text \<open>Soundness is the chain part of the
  invariant; completeness holds since a halted state has S = UNIV or T empty, and in the
  latter case S is closed under the tensor.\<close>

theorem mainTheorem15:
  fixes M :: "real^'n^'n" and a :: "real^'n" and b :: "real^'n \<Rightarrow> real^'n \<Rightarrow> real^'n"
  assumes "nonsingular_M_matrix M"
    and "nonneg_vec a"
    and "bilinear b"
    and "\<And>x y. nonneg_vec x \<Longrightarrow> nonneg_vec y \<Longrightarrow> nonneg_vec (b x y)"
  shows "\<not> (\<exists>f. f 0 = (init_set M a, init_set M a) \<and> (\<forall>k. pos_step M b (f k) (f (Suc k))))
    \<and> (\<forall>st. (pos_step M b)\<^sup>*\<^sup>* (init_set M a, init_set M a) st \<and> pos_halted st \<longrightarrow>
          (\<forall>i. i \<in> fst st \<longleftrightarrow> (\<exists>Ss. positivity_showing M a b i Ss)))"
proof (intro conjI allI impI)
  show "\<not> (\<exists>f. f 0 = (init_set M a, init_set M a) \<and> (\<forall>k. pos_step M b (f k) (f (Suc k))))"
    by (rule no_infinite_run)
  have nonneg: "MB_tensor M b r s x \<ge> 0" for r s x
    using MB_tensor_nonneg[OF nonsingular_M_matrix_inverse_nonneg[OF assms(1)] assms(4)] .
  fix st i
  assume run: "(pos_step M b)\<^sup>*\<^sup>* (init_set M a, init_set M a) st \<and> pos_halted st"
  obtain S T where st: "st = (S, T)" by (cases st)
  have inv: "alg_invariant M a b S T"
    using alg_invariant_reachable[OF assms(3) nonneg] run unfolding st by blast
  show "i \<in> fst st \<longleftrightarrow> (\<exists>Ss. positivity_showing M a b i Ss)"
  proof
    assume "i \<in> fst st"
    thus "\<exists>Ss. positivity_showing M a b i Ss"
      using inv unfolding st alg_invariant_def positivity_showing_iff by auto
  next
    assume "\<exists>Ss. positivity_showing M a b i Ss"
    then obtain Ss where chain: "pos_chain M a b Ss" and i: "i \<in> last Ss"
      unfolding positivity_showing_iff by blast
    have "T = {} \<or> S = UNIV" using run unfolding st pos_halted_def by simp
    hence "last Ss \<subseteq> S"
      using pos_chain_within_closed[OF chain] inv unfolding alg_invariant_def by blast
    thus "i \<in> fst st" using i unfolding st by auto
  qed
qed

end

Activity
Would you restate each of the entries word for word?

Exercise result
text \<open>Soundness is the chain part of the
  invariant; completeness holds since a halted state has S = UNIV or T empty, and in the
  latter case S is closed under the tensor.\<close>

theorem mainTheorem15:
  fixes M :: "real^'n^'n" and a :: "real^'n" and b :: "real^'n \<Rightarrow> real^'n \<Rightarrow> real^'n"
  assumes "nonsingular_M_matrix M"
    and "nonneg_vec a"
    and "bilinear b"
    and "\<And>x y. nonneg_vec x \<Longrightarrow> nonneg_vec y \<Longrightarrow> nonneg_vec (b x y)"
  shows "\<not> (\<exists>f. f 0 = (init_set M a, init_set M a) \<and> (\<forall>k. pos_step M b (f k) (f (Suc k))))
    \<and> (\<forall>st. (pos_step M b)\<^sup>*\<^sup>* (init_set M a, init_set M a) st \<and> pos_halted st \<longrightarrow>
          (\<forall>i. i \<in> fst st \<longleftrightarrow> (\<exists>Ss. positivity_showing M a b i Ss)))"
proof (intro conjI allI impI)
  show "\<not> (\<exists>f. f 0 = (init_set M a, init_set M a) \<and> (\<forall>k. pos_step M b (f k) (f (Suc k))))"
    by (rule no_infinite_run)
  have nonneg: "MB_tensor M b r s x \<ge> 0" for r s x
    using MB_tensor_nonneg[OF nonsingular_M_matrix_inverse_nonneg[OF assms(1)] assms(4)] .
  fix st i
  assume run: "(pos_step M b)\<^sup>*\<^sup>* (init_set M a, init_set M a) st \<and> pos_halted st"
  obtain S T where st: "st = (S, T)" by (cases st)
  have inv: "alg_invariant M a b S T"
    using alg_invariant_reachable[OF assms(3) nonneg] run unfolding st by blast
  show "i \<in> fst st \<longleftrightarrow> (\<exists>Ss. positivity_showing M a b i Ss)"
  proof
    assume "i \<in> fst st"
    thus "\<exists>Ss. positivity_showing M a b i Ss"
      using inv unfolding st alg_invariant_def positivity_showing_iff by auto
  next
    assume "\<exists>Ss. positivity_showing M a b i Ss"
    then obtain Ss where chain: "pos_chain M a b Ss" and i: "i \<in> last Ss"
      unfolding positivity_showing_iff by blast
    have "T = {} \<or> S = UNIV" using run unfolding st pos_halted_def by simp
    hence "last Ss \<subseteq> S"
      using pos_chain_within_closed[OF chain] inv unfolding alg_invariant_def by blast
    thus "i \<in> fst st" using i unfolding st by auto
  qed
qed

end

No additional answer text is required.